While the level of self-efficacy reported for the group as a whole was found to be comparable, albeit lower than results from previous studies, there were no relevant studies with which to compare our participant group's level of collective efficacy. Individuals living in an urban setting reported higher levels of self-efficacy and collective efficacy compared to the rural group This might indicate that individuals who move from a rural to an urban setting do not necessarily adopt individualistic values at the cost of their collectivistic cultural orientation, and in fact have more confidence in their individual and conjoint capabilities to achieve their goals. It was found that a significant relationship seemed to exist between self-efficacy, collective efficacy and the measures of psychological well-being, which suggests a dynamic interplay between these two constructs. Results showed that these individuals' beliefs in their individual ability, self-actualization and personal identity are important for their maintained well-being, and is strongly linked to their shared beliefs in the group's conjoint capabilities.
Results from the regression analysis showed that, in contradiction to the above hypothesis, self-efficacy had a significant influence on the prediction of psychological well-being for the group as a whole as well as in the rural context. Interestingly, collective efficacy had a significant influence on the variance in psychological well-being in the urban area. The effect of efficacy .beliefs on affective well-being seemed to stay the same irrespective of the context, while collective efficacy gained importance in the prediction of SWL in the urban context. This indicates that individuals from the urban context might attach even more value to their collective orientation when they move from the traditional collectivistic setting to a more individualised setting where collectivism is not a given anymore and they have to consciously work towards it.

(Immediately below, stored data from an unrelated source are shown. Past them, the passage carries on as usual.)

(* Let $\psi$ be a CNF formula with only positive literals, with clauses $C_1,\dots,C_m$ each consisting of three distinct variables, and variables $x_1,\dots,x_p$, in which every variable appears in at least $3$ clauses. Let $G$ be the graph constructed as follows: (1) for each variable $x_i$ create a cycle $D_i$ whose number of vertices equals the number of clauses containing $x_i$, and, for each clause containing $x_i$, designate a distinct vertex of $D_i$ as corresponding to that clause; (2) add a vertex $a$ adjacent to every vertex of all cycles $D_1,\dots,D_p$; (3) subdivide every edge of the cycles and every edge incident to $a$ exactly twice (replacing it by a path with three edges); (4) for each clause $C_i=\{x_j,x_k,x_\ell\}$ add a triangle on new vertices $u_{ij},u_{ik},u_{i\ell}$ and make $u_{ij}$ adjacent to the vertex of $D_j$ corresponding to $C_i$, $u_{ik}$ adjacent to the vertex of $D_k$ corresponding to $C_i$, and $u_{i\ell}$ adjacent to the vertex of $D_\ell$ corresponding to $C_i$. If $\psi$ has an assignment in which every clause contains exactly one true variable, then $G$ has a $1$-shallow topological minor of density $\frac{5m}{2m+1}$.
   Context: A graph $H$ is a $1$-shallow topological minor of $G$ if some graph obtained from $H$ by subdividing each edge at most twice is isomorphic to a subgraph of $G$. The density of $H$ is $\|H\|/|H|$ (number of edges divided by number of vertices). *)

theory Defs
  imports Main "HOL.Real"
begin

type_synonym 'a graph = "'a set \<times> 'a set set"

definition verts :: "'a graph \<Rightarrow> 'a set" where "verts G = fst G"
definition edges :: "'a graph \<Rightarrow> 'a set set" where "edges G = snd G"

definition simple_graph :: "'a graph \<Rightarrow> bool" where
  "simple_graph G \<longleftrightarrow> finite (verts G) \<and>
     (\<forall>e\<in>edges G. \<exists>u v. e = {u, v} \<and> u \<noteq> v \<and> u \<in> verts G \<and> v \<in> verts G)"

definition density :: "'a graph \<Rightarrow> real" where
  "density G = real (card (edges G)) / real (card (verts G))"

definition is_path :: "'a graph \<Rightarrow> 'a list \<Rightarrow> bool" where
  "is_path G P \<longleftrightarrow> P \<noteq> [] \<and> distinct P \<and> set P \<subseteq> verts G \<and>
     (\<forall>k. Suc k < length P \<longrightarrow> {P ! k, P ! Suc k} \<in> edges G)"

definition inner :: "'a list \<Rightarrow> 'a set" where
  "inner P = set (butlast (tl P))"

text \<open>H is a 1-shallow topological minor of G: some graph obtained from H by subdividing
  each edge at most twice is isomorphic to a subgraph of G.\<close>
definition shallow_top_minor1 :: "'b graph \<Rightarrow> 'a graph \<Rightarrow> bool" where
  "shallow_top_minor1 H G \<longleftrightarrow> simple_graph H \<and>
     (\<exists>(f :: 'b \<Rightarrow> 'a) (P :: 'b set \<Rightarrow> 'a list).
        inj_on f (verts H) \<and> f ` verts H \<subseteq> verts G \<and>
        (\<forall>e\<in>edges H. is_path G (P e) \<and> 2 \<le> length (P e) \<and> length (P e) \<le> 4 \<and>
            (\<exists>u v. e = {u, v} \<and> hd (P e) = f u \<and> last (P e) = f v) \<and>
            inner (P e) \<inter> f ` verts H = {}) \<and>
        (\<forall>e\<in>edges H. \<forall>e'\<in>edges H. e \<noteq> e' \<longrightarrow> inner (P e) \<inter> inner (P e') = {}))"

text \<open>The CNF formula: clauses 0..<m, variables 0..<p, clause i is the set C i of
  (positive) variables it contains.\<close>

definition occ :: "nat \<Rightarrow> (nat \<Rightarrow> nat set) \<Rightarrow> nat \<Rightarrow> nat set" where
  "occ m C j = {i. i < m \<and> j \<in> C i}"

text \<open>nxt j is a cyclic arrangement of the clauses containing x_j: the cycle D_j has one
  vertex per clause containing x_j, and clause i is followed on D_j by clause nxt j i.\<close>
definition cyclic_order :: "nat \<Rightarrow> nat \<Rightarrow> (nat \<Rightarrow> nat set) \<Rightarrow> (nat \<Rightarrow> nat \<Rightarrow> nat) \<Rightarrow> bool" where
  "cyclic_order m p C nxt \<longleftrightarrow> (\<forall>j<p. bij_betw (nxt j) (occ m C j) (occ m C j) \<and>
      (\<forall>i\<in>occ m C j. \<forall>i'\<in>occ m C j. \<exists>k. (nxt j ^^ k) i = i'))"

datatype vtx =
    Cyc nat nat        (* Cyc i j: vertex of D_j corresponding to clause C_i *)
  | Apex
  | SubC nat nat nat   (* SubC i j k: k-th subdivision vertex of the cycle edge of D_j leaving Cyc i j *)
  | SubA nat nat nat   (* SubA i j k: k-th subdivision vertex of the edge a -- Cyc i j *)
  | U nat nat

definition constr_graph :: "nat \<Rightarrow> (nat \<Rightarrow> nat set) \<Rightarrow> (nat \<Rightarrow> nat \<Rightarrow> nat) \<Rightarrow> vtx graph" where
  "constr_graph m C nxt =
    ({Apex} \<union> {Cyc i j | i j. i < m \<and> j \<in> C i}
       \<union> {SubC i j k | i j k. i < m \<and> j \<in> C i \<and> k < 2}
       \<union> {SubA i j k | i j k. i < m \<and> j \<in> C i \<and> k < 2}
       \<union> {U i j | i j. i < m \<and> j \<in> C i},
     {{Cyc i j, SubC i j 0} | i j. i < m \<and> j \<in> C i}
       \<union> {{SubC i j 0, SubC i j 1} | i j. i < m \<and> j \<in> C i}
       \<union> {{SubC i j 1, Cyc (nxt j i) j} | i j. i < m \<and> j \<in> C i}
       \<union> {{Apex, SubA i j 0} | i j. i < m \<and> j \<in> C i}
       \<union> {{SubA i j 0, SubA i j 1} | i j. i < m \<and> j \<in> C i}
       \<union> {{SubA i j 1, Cyc i j} | i j. i < m \<and> j \<in> C i}
       \<union> {{U i j, U i k} | i j k. i < m \<and> j \<in> C i \<and> k \<in> C i \<and> j \<noteq> k}
       \<union> {{U i j, Cyc i j} | i j. i < m \<and> j \<in> C i})"

end

theory Submission
  imports Defs
begin

text \<open>Fix an exact-one assignment T and keep, in each clause, the two occurrences of false
  variables. The branch vertices are the apex a and the 2m cycle vertices of these false
  occurrences. Every false occurrence contributes a path to a (through the subdivided apex
  edge) and a path to its successor on its cycle, which is again a false occurrence because
  the whole cycle of a false variable is kept; every clause contributes the path through its
  triangle joining its two false occurrences. These 5m paths have length 3, are internally
  disjoint and have distinct endpoint pairs (cycles have length at least 3), so they form a
  1-shallow topological minor with 5m edges on 2m + 1 vertices.\<close>

lemma hd_neq_last_if_distinct:
  assumes "distinct xs" "2 \<le> length xs"
  shows "hd xs \<noteq> last xs"
  using assms by (cases xs) (auto simp: last_conv_nth)

lemma shallow_top_minor1_of_paths:
  fixes G :: "'a graph" and V :: "'a set" and Ps :: "'a list set"
  assumes "finite V" "V \<subseteq> verts G"
    and path: "\<And>L. L \<in> Ps \<Longrightarrow> is_path G L"
    and short: "\<And>L. L \<in> Ps \<Longrightarrow> 2 \<le> length L \<and> length L \<le> 4"
    and ends: "\<And>L. L \<in> Ps \<Longrightarrow> hd L \<in> V \<and> last L \<in> V"
    and inner_free: "\<And>L. L \<in> Ps \<Longrightarrow> inner L \<inter> V = {}"
    and disjoint: "\<And>L L'. L \<in> Ps \<Longrightarrow> L' \<in> Ps \<Longrightarrow> L \<noteq> L' \<Longrightarrow> inner L \<inter> inner L' = {}"
  shows "shallow_top_minor1 (V, (\<lambda>L. {hd L, last L}) ` Ps) G"
proof -
  define H where "H = (V, (\<lambda>L. {hd L, last L}) ` Ps)"
  define P where "P e = (SOME L. L \<in> Ps \<and> {hd L, last L} = e)" for e
  have P: "P e \<in> Ps \<and> {hd (P e), last (P e)} = e" if "e \<in> edges H" for e
    unfolding P_def by (rule someI_ex) (use that in \<open>auto simp: H_def edges_def\<close>)
  have "simple_graph H"
    unfolding simple_graph_def H_def verts_def edges_def
    using assms(1) ends path short hd_neq_last_if_distinct unfolding is_path_def by fastforce
  moreover have "\<forall>e\<in>edges H. is_path G (P e) \<and> 2 \<le> length (P e) \<and> length (P e) \<le> 4 \<and>
      (\<exists>u v. e = {u, v} \<and> hd (P e) = id u \<and> last (P e) = id v) \<and>
      inner (P e) \<inter> id ` verts H = {}"
    using P path short inner_free by (fastforce simp: H_def verts_def)
  moreover have "\<forall>e\<in>edges H. \<forall>e'\<in>edges H. e \<noteq> e' \<longrightarrow> inner (P e) \<inter> inner (P e') = {}"
    using P disjoint by metis
  moreover have "id ` verts H \<subseteq> verts G"
    using assms(2) by (simp add: H_def verts_def)
  ultimately show ?thesis
    unfolding shallow_top_minor1_def H_def[symmetric] by (intro conjI exI) auto
qed

lemma card_le_period_if_orbit:
  assumes "0 < n" "(f ^^ n) x = x" and orbit: "\<forall>y\<in>S. \<exists>k. (f ^^ k) x = y"
  shows "card S \<le> n"
proof -
  have "S \<subseteq> (\<lambda>k. (f ^^ k) x) ` {..<n}"
  proof
    fix y assume "y \<in> S"
    then obtain k where "(f ^^ k) x = y" using orbit by blast
    then have "y = (f ^^ (k mod n)) x" using funpow_mod_eq[OF assms(2)] by simp
    then show "y \<in> (\<lambda>k. (f ^^ k) x) ` {..<n}" using \<open>0 < n\<close> by auto
  qed
  then have "card S \<le> card ((\<lambda>k. (f ^^ k) x) ` {..<n})" by (intro card_mono) simp_all
  also have "\<dots> \<le> n" using card_image_le[of "{..<n}"] by simp
  finally show ?thesis .
qed

lemma cyclic_order_nxt:
  assumes "cyclic_order m p C nxt" "j < p" "card (occ m C j) \<ge> 3" "i \<in> occ m C j"
  shows "nxt j i \<in> occ m C j" "nxt j i \<noteq> i" "nxt j (nxt j i) \<noteq> i"
proof -
  have bij: "bij_betw (nxt j) (occ m C j) (occ m C j)"
    and orbit: "\<forall>i'\<in>occ m C j. \<exists>k. (nxt j ^^ k) i = i'"
    using assms unfolding cyclic_order_def by auto
  show "nxt j i \<in> occ m C j" using bij assms(4) bij_betwE by blast
  show "nxt j i \<noteq> i"
    using card_le_period_if_orbit[of 1 "nxt j" i, OF _ _ orbit] assms(3) by auto
  show "nxt j (nxt j i) \<noteq> i"
    using card_le_period_if_orbit[of 2 "nxt j" i, OF _ _ orbit] assms(3)
    by (auto simp: numeral_2_eq_2)
qed

lemma is_path_four_vertices:
  assumes "distinct [a, b, c, d]" "{a, b, c, d} \<subseteq> verts G"
    and "{a, b} \<in> edges G" "{b, c} \<in> edges G" "{c, d} \<in> edges G"
  shows "is_path G [a, b, c, d]"
  unfolding is_path_def
proof (intro conjI allI impI)
  fix k assume "Suc k < length [a, b, c, d]"
  then have "k = 0 \<or> k = 1 \<or> k = 2" by auto
  then show "{[a, b, c, d] ! k, [a, b, c, d] ! Suc k} \<in> edges G" using assms by auto
qed (use assms in auto)
definition injective_mod :: "('r, 'c) ring_scheme \<Rightarrow> ('r, 'm) rmod \<Rightarrow> 'b itself \<Rightarrow> bool" where
  "injective_mod R M _ \<longleftrightarrow>
     (\<forall>B :: ('r, 'b) rmod. right_module R B \<longrightarrow>
        (\<forall>A. right_submodule R A B \<longrightarrow>
           (\<forall>f. rlin_on R A B M f \<longrightarrow>
              (\<exists>h. rhom R B M h \<and> (\<forall>x\<in>A. h x = f x)))))"

end

theory Submission
  imports Defs "HOL-Algebra.AbelCoset"
begin

text \<open>Conversely, let
  \<open>f : A \<rightarrow> M\<close> be linear on a submodule \<open>A\<close> of \<open>B\<close>. In the pushout
  \<open>P = (M \<oplus> B) / {(f a, -a) | a \<in> A}\<close> the module \<open>M\<close> embeds by \<open>\<iota> m = [(m, 0)]\<close>,
  and \<open>j b = [(0, b)]\<close> extends \<open>\<iota> \<circ> f\<close>. The endomorphism \<open>(m, p) \<mapsto> (0, \<iota> m)\<close> of
  \<open>M \<oplus> P\<close> has image \<open>0 \<oplus> \<iota> M \<cong> M\<close>, so pseudo principal \<open>(M \<oplus> P)\<close>-injectivity extends
  the inverse of this isomorphism to \<open>M \<oplus> P\<close>; restricted to \<open>0 \<oplus> P\<close> it is a retraction
  \<open>\<rho>\<close> of \<open>\<iota>\<close>, and \<open>\<rho> \<circ> j\<close> extends \<open>f\<close>.\<close>

lemma right_module_abelian_group: "right_module R M \<Longrightarrow> abelian_group M"
  by (simp add: right_module_def)
lemma semiprime_no_nilpotent_ideal:
  assumes "semiprime S" and I: "ideal_of scale S I" and "nilpotent_set I"
  shows "I = {0}"
proof -
  have I_mult: "x * y \<in> I" if "x \<in> I" "y \<in> I" for x y
    using I that unfolding ideal_of_def by blast
  have vanish: "I \<subseteq> {0}" if "\<forall>xs. length xs = Suc n \<and> set xs \<subseteq> I \<longrightarrow> nprod xs = 0" for n
    using that
  proof (induction n)
    case 0
    have "x = 0" if "x \<in> I" for x
      using 0[rule_format, of "[x]"] that by simp
    then show ?case
      by blast
  next
    case (Suc n)
    have "nprod xs = 0" if xs: "length xs = Suc n" "set xs \<subseteq> I" for xs
    proof (rule semiprime_ideal_left_annihilator[OF assms(1) I])
      have "xs \<noteq> []"
        using xs(1) by auto
      then show "nprod xs \<in> I"
        using nprod_mem[of xs I] I_mult xs(2) by blast
      show "nprod xs * y = 0" if "y \<in> I" for y
        using Suc.prems[rule_format, of "xs @ [y]"] nprod_append_single[OF \<open>xs \<noteq> []\<close>] xs that
        by simp
    qed
    then show ?case
      using Suc.IH by blast
  qed
  obtain n where "n \<ge> 1" and "\<forall>xs. length xs = n \<and> set xs \<subseteq> I \<longrightarrow> nprod xs = 0"
    using assms(3) unfolding nilpotent_set_def by blast
  moreover have "Suc (n - 1) = n"
    using \<open>n \<ge> 1\<close> by simp
  ultimately have "I \<subseteq> {0}"
    using vanish[of "n - 1"] by simp
  moreover have "0 \<in> I"
    using I subspace_0 unfolding ideal_of_def by blast
  ultimately show ?thesis
    by blast
qed

definition principal_ideal :: "'a set \<Rightarrow> 'a \<Rightarrow> 'a set" where
  "principal_ideal S x =
     span ({x} \<union> {a * x | a. a \<in> S} \<union> {x * b | b. b \<in> S} \<union> {a * x * b | a b. a \<in> S \<and> b \<in> S})"

lemma ideal_of_principal_ideal:
  assumes S: "subalgebra scale S" and "x \<in> S"
  shows "ideal_of scale S (principal_ideal S x)"
proof -
  define G where
    "G = {x} \<union> {a * x | a. a \<in> S} \<union> {x * b | b. b \<in> S} \<union> {a * x * b | a b. a \<in> S \<and> b \<in> S}"
  have "G \<subseteq> S"
    unfolding G_def using assms subalgebra_mult by blast
  moreover have left_closed: "(\<lambda>y. s * y) ` G \<subseteq> G" if "s \<in> S" for s
    unfolding G_def using that subalgebra_mult[OF S] by (auto simp: mult.assoc[symmetric]) blast+
  moreover have right_closed: "(\<lambda>y. y * s) ` G \<subseteq> G" if "s \<in> S" for s
    unfolding G_def using that subalgebra_mult[OF S] by (auto simp: mult.assoc) blast+
  ultimately show ?thesis
    unfolding ideal_of_def principal_ideal_def G_def[symmetric]
  proof (intro conjI ballI)
    show "span G \<subseteq> S"
      using \<open>G \<subseteq> S\<close> span_minimal subalgebra_subspace[OF S] by blast
    fix s y assume "s \<in> S" "y \<in> span G"
    show "s * y \<in> span G"
      using mult_left_span[OF \<open>y \<in> span G\<close>] span_mono[OF left_closed[OF \<open>s \<in> S\<close>]] by blast
    show "y * s \<in> span G"
      using mult_right_span[OF \<open>y \<in> span G\<close>] span_mono[OF right_closed[OF \<open>s \<in> S\<close>]] by blast
  qed simp
qed

lemma no_nilpotent_ideal_semiprime:
  assumes S: "subalgebra scale S" and no_nil: "\<forall>I. ideal_of scale S I \<and> nilpotent_set I \<longrightarrow> I = {0}"
  shows "semiprime S"
  unfolding semiprime_def
proof (intro ballI impI)
  fix x assume "x \<in> S" and x: "x * x = 0 \<and> (\<forall>a\<in>S. x * a * x = 0)"
  have xax: "x * (a * x) = 0" if "a \<in> S" for a
    using x that by (simp add: mult.assoc)
  have xaxz: "x * (a * (x * z)) = 0" if "a \<in> S" for a z
    using xax[OF that] by (metis mult.assoc mult_zero_left)
  have xabx: "x * (a * (b * x)) = 0" "x * (a * (b * (x * z))) = 0" if "a \<in> S" "b \<in> S" for a b z
    using xax xaxz subalgebra_mult[OF S that] by (simp_all flip: mult.assoc[of a b])
  have xx: "x * x = 0" "x * (x * z) = 0" for z
    using x by (simp_all flip: mult.assoc)
  have "u * v = 0" if "u \<in> principal_ideal S x" "v \<in> principal_ideal S x" for u v
    using that unfolding principal_ideal_def
    by (rule span_mult_eq_0[rotated]) (auto simp: mult.assoc xx xax xaxz xabx)
  then have "nilpotent_set (principal_ideal S x)"
    unfolding nilpotent_set_def
    by (intro exI[of _ 2]) (auto simp: numeral_2_eq_2 length_Suc_conv)
  then have "principal_ideal S x = {0}"
    using no_nil ideal_of_principal_ideal[OF S \<open>x \<in> S\<close>] by blast
  moreover have "x \<in> principal_ideal S x"
    unfolding principal_ideal_def by (rule span_base) blast
  ultimately show "x = 0"
    by blast
qed

lemma fdss_subalgebra_iff:
  "fdss_subalgebra scale S \<longleftrightarrow> subalgebra scale S \<and> fin_spanned S \<and> semiprime S"
  unfolding fdss_subalgebra_def
  using fin_dim_iff_fin_spanned[OF subalgebra_subspace] semiprime_no_nilpotent_ideal
    no_nilpotent_ideal_semiprime
  by blast

subsection \<open>Idempotents and units\<close>

definition right_ideal :: "'a set \<Rightarrow> 'a set \<Rightarrow> bool" where
  "right_ideal V L \<longleftrightarrow> subspace L \<and> L \<subseteq> V \<and> (\<forall>l\<in>L. \<forall>v\<in>V. l * v \<in> L)"

lemma minimal_right_ideal_exists:
  assumes V: "subalgebra scale V" "fin_spanned V" and "V \<noteq> {0}"
  obtains L where "right_ideal V L" "L \<noteq> {0}"
    "\<And>L'. right_ideal V L' \<Longrightarrow> L' \<noteq> {0} \<Longrightarrow> L' \<subseteq> L \<Longrightarrow> L' = L"
proof -
  have "right_ideal V V"
    unfolding right_ideal_def using V(1) subalgebra_subspace subalgebra_mult by blast
  then obtain L where L: "right_ideal V L" "L \<noteq> {0}"
    and least: "\<And>L'. right_ideal V L' \<and> L' \<noteq> {0} \<Longrightarrow> dim L \<le> dim L'"
    using ex_has_least_nat[of "\<lambda>L. right_ideal V L \<and> L \<noteq> {0}" V dim] \<open>V \<noteq> {0}\<close> by blast
  have "L' = L" if "right_ideal V L'" "L' \<noteq> {0}" "L' \<subseteq> L" for L'
  proof (rule subspace_eq_if_dim_le)
    show "subspace L'"
      using that(1) unfolding right_ideal_def by blast
    show "fin_spanned L"
      using L(1) V(2) fin_spanned_subset unfolding right_ideal_def by blast
  qed (use that least in auto)
  with L that show ?thesis
    by blast
qed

In conclusion it can be said that efficacy beliefs remain important factors in the prediction of psychological well-being for individuals irrespective of the process of urbanisation or in which context they find themselves. The practical implication is that raising either self-efficacy or collective efficacy will lead to increased psychological well-being and possibly better adjustment during the urbanisation process. Although these results provided some answers, a number of questions were raised about widely held assumptions regarding the cultural orientation of individuals and the effect of urbanisation on cultural value systems. / Thesis (M.Sc. (Clinical Psychology))--North-West University, Potchefstroom Campus, 2009.